- _Data to examine_
#####

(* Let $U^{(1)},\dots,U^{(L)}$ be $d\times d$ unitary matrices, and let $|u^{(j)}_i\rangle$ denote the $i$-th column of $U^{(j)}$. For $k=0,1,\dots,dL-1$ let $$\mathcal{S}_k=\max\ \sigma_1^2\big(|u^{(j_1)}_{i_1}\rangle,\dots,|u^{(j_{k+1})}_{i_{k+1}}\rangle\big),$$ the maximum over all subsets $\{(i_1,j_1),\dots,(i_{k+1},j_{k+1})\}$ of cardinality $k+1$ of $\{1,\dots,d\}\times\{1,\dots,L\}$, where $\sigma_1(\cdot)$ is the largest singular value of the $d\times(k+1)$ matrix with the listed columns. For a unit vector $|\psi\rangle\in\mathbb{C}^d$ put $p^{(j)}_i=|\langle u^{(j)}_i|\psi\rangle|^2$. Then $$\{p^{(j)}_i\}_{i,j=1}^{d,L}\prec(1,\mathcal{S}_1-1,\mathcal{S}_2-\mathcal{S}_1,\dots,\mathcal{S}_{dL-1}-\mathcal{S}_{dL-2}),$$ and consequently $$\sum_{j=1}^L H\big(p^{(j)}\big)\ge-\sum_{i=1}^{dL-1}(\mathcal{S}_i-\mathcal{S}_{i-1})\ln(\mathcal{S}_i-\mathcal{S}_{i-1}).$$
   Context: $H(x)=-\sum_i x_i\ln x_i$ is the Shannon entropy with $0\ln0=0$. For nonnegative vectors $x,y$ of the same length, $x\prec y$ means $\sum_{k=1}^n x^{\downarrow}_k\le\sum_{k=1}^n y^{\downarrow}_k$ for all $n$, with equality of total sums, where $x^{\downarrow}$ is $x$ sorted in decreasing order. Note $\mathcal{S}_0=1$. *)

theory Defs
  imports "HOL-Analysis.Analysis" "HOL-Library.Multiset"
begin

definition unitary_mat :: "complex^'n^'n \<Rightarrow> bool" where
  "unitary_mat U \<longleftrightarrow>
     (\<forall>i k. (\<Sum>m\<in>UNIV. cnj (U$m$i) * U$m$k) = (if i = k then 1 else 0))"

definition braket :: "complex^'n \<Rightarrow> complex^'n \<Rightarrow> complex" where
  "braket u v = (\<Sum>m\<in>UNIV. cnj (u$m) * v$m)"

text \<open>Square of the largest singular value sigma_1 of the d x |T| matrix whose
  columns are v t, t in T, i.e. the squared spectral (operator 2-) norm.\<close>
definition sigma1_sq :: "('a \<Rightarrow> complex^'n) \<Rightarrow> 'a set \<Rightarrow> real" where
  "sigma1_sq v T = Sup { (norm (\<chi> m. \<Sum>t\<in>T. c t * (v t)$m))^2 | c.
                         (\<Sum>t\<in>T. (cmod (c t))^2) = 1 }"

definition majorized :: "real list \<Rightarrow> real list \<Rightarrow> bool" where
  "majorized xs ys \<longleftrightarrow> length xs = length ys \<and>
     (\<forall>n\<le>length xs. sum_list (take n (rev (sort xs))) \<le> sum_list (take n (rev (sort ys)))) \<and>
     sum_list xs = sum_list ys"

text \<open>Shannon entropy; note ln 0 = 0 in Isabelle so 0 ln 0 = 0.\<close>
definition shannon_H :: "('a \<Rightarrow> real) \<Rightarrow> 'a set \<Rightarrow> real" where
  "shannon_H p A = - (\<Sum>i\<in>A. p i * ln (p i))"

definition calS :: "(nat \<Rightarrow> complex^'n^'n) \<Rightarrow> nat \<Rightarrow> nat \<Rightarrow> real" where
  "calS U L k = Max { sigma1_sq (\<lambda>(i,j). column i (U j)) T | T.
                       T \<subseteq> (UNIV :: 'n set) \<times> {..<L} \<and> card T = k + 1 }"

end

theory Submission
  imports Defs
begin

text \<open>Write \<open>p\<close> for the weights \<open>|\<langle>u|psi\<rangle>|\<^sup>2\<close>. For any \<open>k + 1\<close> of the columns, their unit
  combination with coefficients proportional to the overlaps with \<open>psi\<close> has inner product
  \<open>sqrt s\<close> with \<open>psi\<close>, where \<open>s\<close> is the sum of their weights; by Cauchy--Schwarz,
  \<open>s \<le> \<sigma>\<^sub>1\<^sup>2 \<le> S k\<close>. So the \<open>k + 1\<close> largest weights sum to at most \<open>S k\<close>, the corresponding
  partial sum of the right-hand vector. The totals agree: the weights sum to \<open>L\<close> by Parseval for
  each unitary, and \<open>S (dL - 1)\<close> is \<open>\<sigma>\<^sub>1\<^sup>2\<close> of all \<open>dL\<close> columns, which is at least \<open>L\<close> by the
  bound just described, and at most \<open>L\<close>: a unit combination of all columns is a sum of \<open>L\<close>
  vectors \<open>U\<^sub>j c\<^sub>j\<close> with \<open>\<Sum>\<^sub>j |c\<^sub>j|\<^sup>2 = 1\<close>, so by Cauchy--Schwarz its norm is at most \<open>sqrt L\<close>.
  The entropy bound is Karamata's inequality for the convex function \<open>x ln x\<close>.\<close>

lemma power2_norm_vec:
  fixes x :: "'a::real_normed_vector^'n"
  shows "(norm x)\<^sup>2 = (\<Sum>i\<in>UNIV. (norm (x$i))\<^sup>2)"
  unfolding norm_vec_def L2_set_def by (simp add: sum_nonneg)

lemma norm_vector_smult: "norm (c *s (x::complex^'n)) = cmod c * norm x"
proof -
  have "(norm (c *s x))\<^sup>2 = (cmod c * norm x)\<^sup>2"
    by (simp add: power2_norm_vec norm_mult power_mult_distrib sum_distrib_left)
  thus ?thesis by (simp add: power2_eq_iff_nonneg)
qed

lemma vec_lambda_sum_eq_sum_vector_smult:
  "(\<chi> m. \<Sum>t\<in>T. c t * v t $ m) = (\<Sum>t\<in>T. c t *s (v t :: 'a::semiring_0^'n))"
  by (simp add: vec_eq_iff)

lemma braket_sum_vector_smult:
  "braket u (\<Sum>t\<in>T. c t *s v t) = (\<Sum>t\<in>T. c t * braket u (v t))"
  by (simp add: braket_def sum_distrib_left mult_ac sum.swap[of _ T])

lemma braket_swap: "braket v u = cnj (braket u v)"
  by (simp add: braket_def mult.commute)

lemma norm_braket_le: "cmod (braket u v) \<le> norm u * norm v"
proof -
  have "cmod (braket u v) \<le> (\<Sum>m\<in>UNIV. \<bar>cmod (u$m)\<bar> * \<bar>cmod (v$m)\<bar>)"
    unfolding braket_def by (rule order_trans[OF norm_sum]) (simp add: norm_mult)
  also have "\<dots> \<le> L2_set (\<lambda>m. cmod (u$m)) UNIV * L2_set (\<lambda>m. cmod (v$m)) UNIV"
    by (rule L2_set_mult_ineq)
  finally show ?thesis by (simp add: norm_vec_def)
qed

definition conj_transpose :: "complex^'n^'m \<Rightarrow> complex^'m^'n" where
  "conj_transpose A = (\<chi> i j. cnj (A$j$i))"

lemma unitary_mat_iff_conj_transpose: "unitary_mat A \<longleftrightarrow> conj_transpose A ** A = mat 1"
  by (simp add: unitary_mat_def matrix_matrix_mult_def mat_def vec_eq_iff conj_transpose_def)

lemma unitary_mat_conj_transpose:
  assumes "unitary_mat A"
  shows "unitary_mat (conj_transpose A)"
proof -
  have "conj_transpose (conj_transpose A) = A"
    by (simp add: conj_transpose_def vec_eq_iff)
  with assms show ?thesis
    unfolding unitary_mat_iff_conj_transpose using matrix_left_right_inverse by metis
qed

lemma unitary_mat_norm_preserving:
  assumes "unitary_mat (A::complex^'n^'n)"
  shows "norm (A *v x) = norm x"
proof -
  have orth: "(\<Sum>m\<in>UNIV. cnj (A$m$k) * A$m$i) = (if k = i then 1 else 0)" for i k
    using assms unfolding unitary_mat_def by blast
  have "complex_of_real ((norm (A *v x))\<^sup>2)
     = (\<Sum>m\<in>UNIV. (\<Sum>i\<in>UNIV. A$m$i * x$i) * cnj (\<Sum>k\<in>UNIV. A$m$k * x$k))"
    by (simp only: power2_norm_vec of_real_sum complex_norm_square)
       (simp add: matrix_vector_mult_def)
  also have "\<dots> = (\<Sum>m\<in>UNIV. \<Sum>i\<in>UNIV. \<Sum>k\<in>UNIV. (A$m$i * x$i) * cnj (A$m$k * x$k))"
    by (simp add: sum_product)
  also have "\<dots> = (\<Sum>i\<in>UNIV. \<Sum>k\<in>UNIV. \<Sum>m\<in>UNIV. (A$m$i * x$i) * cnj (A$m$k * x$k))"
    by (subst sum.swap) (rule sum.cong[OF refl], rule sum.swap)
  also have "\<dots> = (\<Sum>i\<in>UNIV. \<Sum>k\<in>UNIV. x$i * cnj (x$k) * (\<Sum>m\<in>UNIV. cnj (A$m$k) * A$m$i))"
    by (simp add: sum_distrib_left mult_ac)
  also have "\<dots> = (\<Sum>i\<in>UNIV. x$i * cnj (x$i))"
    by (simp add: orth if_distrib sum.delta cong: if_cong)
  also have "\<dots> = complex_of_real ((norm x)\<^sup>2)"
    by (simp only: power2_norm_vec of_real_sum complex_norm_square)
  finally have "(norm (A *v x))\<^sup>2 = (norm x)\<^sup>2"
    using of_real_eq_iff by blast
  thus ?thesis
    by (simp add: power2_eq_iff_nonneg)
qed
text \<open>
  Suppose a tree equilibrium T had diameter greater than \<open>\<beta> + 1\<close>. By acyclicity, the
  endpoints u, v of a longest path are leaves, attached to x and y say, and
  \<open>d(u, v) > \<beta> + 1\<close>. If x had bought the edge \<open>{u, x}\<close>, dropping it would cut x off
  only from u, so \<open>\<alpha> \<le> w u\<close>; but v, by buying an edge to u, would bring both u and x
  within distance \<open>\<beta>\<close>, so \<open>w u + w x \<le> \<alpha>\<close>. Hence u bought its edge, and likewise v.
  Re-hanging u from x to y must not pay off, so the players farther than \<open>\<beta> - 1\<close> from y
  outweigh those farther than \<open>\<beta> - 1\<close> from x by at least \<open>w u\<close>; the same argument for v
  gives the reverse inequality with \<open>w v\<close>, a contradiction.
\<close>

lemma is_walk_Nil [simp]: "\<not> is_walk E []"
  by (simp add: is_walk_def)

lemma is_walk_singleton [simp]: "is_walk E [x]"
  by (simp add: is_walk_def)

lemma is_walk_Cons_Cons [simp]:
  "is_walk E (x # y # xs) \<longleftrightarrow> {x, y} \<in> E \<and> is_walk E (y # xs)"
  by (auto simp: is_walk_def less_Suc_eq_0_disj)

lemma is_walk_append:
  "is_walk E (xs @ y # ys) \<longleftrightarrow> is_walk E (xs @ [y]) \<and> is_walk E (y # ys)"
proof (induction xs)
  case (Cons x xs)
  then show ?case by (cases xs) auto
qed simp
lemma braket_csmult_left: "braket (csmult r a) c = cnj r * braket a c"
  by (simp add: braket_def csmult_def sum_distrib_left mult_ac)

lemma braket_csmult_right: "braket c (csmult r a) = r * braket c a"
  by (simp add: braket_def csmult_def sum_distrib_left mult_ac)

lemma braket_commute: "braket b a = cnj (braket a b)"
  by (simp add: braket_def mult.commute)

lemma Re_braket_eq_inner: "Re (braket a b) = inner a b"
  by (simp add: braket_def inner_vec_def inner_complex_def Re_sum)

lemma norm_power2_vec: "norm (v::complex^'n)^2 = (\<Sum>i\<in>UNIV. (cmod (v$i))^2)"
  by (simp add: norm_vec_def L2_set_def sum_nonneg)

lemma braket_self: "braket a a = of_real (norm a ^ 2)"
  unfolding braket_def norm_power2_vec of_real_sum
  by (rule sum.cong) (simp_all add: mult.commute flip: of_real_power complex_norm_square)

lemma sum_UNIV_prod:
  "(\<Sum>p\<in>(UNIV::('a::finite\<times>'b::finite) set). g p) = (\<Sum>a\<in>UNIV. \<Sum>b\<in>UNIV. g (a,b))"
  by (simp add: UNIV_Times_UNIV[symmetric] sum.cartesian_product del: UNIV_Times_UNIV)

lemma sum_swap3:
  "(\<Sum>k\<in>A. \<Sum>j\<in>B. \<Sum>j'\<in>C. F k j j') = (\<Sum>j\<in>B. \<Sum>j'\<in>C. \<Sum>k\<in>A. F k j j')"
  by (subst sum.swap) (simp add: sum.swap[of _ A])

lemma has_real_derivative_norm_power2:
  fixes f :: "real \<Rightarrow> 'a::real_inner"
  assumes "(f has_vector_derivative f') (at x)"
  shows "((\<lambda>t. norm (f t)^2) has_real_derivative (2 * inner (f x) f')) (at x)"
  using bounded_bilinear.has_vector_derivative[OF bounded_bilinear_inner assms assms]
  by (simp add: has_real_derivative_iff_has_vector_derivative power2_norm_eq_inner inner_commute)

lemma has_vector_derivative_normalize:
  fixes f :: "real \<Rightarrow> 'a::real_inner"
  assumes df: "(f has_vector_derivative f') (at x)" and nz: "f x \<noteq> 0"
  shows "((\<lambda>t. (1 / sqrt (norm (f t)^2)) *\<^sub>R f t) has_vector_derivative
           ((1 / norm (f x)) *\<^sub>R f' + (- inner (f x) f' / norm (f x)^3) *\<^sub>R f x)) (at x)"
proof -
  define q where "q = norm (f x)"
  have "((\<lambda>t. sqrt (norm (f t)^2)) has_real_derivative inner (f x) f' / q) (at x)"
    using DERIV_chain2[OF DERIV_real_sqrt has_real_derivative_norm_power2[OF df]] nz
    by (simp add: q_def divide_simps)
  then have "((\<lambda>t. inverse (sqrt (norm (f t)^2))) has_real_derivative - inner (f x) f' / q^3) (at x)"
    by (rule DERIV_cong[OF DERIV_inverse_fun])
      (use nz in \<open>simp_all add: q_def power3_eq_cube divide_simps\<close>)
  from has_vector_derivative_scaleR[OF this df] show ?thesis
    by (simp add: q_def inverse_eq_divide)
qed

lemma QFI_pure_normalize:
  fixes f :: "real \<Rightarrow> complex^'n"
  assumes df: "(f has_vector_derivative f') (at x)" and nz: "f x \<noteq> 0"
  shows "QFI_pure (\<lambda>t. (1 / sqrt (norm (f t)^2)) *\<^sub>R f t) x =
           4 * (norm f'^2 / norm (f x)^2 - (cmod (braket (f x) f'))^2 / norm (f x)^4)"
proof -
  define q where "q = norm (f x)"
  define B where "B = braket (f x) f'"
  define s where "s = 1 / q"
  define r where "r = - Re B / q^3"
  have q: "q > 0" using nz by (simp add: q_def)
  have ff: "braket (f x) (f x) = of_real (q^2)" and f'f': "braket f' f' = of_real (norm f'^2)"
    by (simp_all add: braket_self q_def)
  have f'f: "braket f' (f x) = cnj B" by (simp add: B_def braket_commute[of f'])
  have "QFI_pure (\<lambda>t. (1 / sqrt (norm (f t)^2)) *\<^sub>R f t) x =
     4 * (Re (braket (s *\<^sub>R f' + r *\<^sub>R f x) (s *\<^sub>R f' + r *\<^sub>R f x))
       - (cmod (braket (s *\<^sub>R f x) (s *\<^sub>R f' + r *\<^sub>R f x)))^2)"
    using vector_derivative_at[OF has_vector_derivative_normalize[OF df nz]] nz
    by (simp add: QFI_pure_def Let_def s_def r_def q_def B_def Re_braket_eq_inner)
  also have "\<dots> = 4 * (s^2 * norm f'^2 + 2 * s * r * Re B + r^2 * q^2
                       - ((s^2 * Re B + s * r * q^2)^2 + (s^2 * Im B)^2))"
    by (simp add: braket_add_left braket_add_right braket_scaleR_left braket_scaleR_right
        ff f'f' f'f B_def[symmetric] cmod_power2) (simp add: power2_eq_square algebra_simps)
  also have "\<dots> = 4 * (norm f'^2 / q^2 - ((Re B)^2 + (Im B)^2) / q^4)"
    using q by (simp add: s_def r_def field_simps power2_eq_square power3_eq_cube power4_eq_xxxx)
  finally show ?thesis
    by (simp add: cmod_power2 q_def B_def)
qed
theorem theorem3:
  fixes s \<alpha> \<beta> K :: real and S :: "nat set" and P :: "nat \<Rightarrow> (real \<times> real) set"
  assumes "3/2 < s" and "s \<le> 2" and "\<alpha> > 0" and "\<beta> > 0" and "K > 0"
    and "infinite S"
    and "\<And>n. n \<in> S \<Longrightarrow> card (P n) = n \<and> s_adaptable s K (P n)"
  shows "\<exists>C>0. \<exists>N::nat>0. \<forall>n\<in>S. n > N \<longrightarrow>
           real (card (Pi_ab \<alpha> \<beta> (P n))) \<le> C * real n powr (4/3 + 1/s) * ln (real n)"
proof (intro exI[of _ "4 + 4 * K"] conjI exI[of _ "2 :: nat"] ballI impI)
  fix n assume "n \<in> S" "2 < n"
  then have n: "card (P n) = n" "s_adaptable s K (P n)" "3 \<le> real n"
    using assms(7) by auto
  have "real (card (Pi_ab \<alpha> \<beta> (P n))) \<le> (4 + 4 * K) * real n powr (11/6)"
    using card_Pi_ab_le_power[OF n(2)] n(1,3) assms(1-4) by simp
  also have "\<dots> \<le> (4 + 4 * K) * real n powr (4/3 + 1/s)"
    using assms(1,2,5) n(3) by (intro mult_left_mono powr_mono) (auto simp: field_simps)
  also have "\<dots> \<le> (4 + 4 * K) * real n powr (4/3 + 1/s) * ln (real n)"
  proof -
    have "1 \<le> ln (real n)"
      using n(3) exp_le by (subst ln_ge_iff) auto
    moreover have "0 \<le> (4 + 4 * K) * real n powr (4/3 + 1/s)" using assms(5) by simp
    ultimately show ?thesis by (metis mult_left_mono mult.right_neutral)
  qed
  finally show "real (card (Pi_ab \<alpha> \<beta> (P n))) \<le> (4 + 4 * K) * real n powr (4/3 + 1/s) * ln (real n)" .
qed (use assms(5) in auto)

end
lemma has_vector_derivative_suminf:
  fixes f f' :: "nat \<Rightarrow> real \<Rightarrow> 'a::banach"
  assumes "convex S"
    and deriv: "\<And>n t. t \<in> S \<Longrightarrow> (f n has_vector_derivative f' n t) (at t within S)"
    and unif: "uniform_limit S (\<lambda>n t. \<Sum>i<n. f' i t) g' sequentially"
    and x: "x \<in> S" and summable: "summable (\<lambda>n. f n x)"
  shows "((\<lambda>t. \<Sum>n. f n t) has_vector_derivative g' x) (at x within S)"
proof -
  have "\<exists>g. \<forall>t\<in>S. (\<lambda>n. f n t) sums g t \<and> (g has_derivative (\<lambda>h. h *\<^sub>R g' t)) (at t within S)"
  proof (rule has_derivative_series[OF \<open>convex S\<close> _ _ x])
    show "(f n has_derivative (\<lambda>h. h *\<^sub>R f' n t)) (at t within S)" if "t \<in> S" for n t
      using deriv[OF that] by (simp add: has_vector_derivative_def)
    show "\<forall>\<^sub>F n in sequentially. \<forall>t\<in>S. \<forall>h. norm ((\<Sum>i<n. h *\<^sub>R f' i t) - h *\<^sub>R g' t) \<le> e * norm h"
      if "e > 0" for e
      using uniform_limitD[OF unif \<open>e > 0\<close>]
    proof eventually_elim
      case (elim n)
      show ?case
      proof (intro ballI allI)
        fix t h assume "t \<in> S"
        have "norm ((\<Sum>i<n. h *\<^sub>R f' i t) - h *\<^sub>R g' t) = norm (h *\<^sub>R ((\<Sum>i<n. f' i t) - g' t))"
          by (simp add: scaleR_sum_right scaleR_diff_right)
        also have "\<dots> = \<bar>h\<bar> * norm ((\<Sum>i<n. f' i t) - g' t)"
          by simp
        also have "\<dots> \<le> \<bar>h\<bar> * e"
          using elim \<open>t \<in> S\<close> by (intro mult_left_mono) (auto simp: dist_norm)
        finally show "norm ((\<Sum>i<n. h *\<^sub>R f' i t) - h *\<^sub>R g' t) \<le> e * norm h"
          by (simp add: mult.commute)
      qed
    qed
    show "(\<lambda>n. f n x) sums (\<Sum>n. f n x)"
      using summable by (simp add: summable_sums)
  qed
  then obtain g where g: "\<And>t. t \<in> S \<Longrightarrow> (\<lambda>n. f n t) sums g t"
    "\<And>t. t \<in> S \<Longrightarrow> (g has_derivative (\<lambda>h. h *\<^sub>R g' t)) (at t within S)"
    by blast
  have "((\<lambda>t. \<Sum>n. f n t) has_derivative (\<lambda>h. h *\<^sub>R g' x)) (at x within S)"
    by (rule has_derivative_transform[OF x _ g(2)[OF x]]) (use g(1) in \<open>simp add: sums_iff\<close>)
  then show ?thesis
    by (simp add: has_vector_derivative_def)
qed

#####

Up to and including the line that contains "columns are v", output the records above exactly, beginning with their first line.

(* Let $U^{(1)},\dots,U^{(L)}$ be $d\times d$ unitary matrices, and let $|u^{(j)}_i\rangle$ denote the $i$-th column of $U^{(j)}$. For $k=0,1,\dots,dL-1$ let $$\mathcal{S}_k=\max\ \sigma_1^2\big(|u^{(j_1)}_{i_1}\rangle,\dots,|u^{(j_{k+1})}_{i_{k+1}}\rangle\big),$$ the maximum over all subsets $\{(i_1,j_1),\dots,(i_{k+1},j_{k+1})\}$ of cardinality $k+1$ of $\{1,\dots,d\}\times\{1,\dots,L\}$, where $\sigma_1(\cdot)$ is the largest singular value of the $d\times(k+1)$ matrix with the listed columns. For a unit vector $|\psi\rangle\in\mathbb{C}^d$ put $p^{(j)}_i=|\langle u^{(j)}_i|\psi\rangle|^2$. Then $$\{p^{(j)}_i\}_{i,j=1}^{d,L}\prec(1,\mathcal{S}_1-1,\mathcal{S}_2-\mathcal{S}_1,\dots,\mathcal{S}_{dL-1}-\mathcal{S}_{dL-2}),$$ and consequently $$\sum_{j=1}^L H\big(p^{(j)}\big)\ge-\sum_{i=1}^{dL-1}(\mathcal{S}_i-\mathcal{S}_{i-1})\ln(\mathcal{S}_i-\mathcal{S}_{i-1}).$$
   Context: $H(x)=-\sum_i x_i\ln x_i$ is the Shannon entropy with $0\ln0=0$. For nonnegative vectors $x,y$ of the same length, $x\prec y$ means $\sum_{k=1}^n x^{\downarrow}_k\le\sum_{k=1}^n y^{\downarrow}_k$ for all $n$, with equality of total sums, where $x^{\downarrow}$ is $x$ sorted in decreasing order. Note $\mathcal{S}_0=1$. *)

theory Defs
  imports "HOL-Analysis.Analysis" "HOL-Library.Multiset"
begin

definition unitary_mat :: "complex^'n^'n \<Rightarrow> bool" where
  "unitary_mat U \<longleftrightarrow>
     (\<forall>i k. (\<Sum>m\<in>UNIV. cnj (U$m$i) * U$m$k) = (if i = k then 1 else 0))"

definition braket :: "complex^'n \<Rightarrow> complex^'n \<Rightarrow> complex" where
  "braket u v = (\<Sum>m\<in>UNIV. cnj (u$m) * v$m)"

text \<open>Square of the largest singular value sigma_1 of the d x |T| matrix whose
  columns are v t, t in T, i.e. the squared spectral (operator 2-) norm.\<close>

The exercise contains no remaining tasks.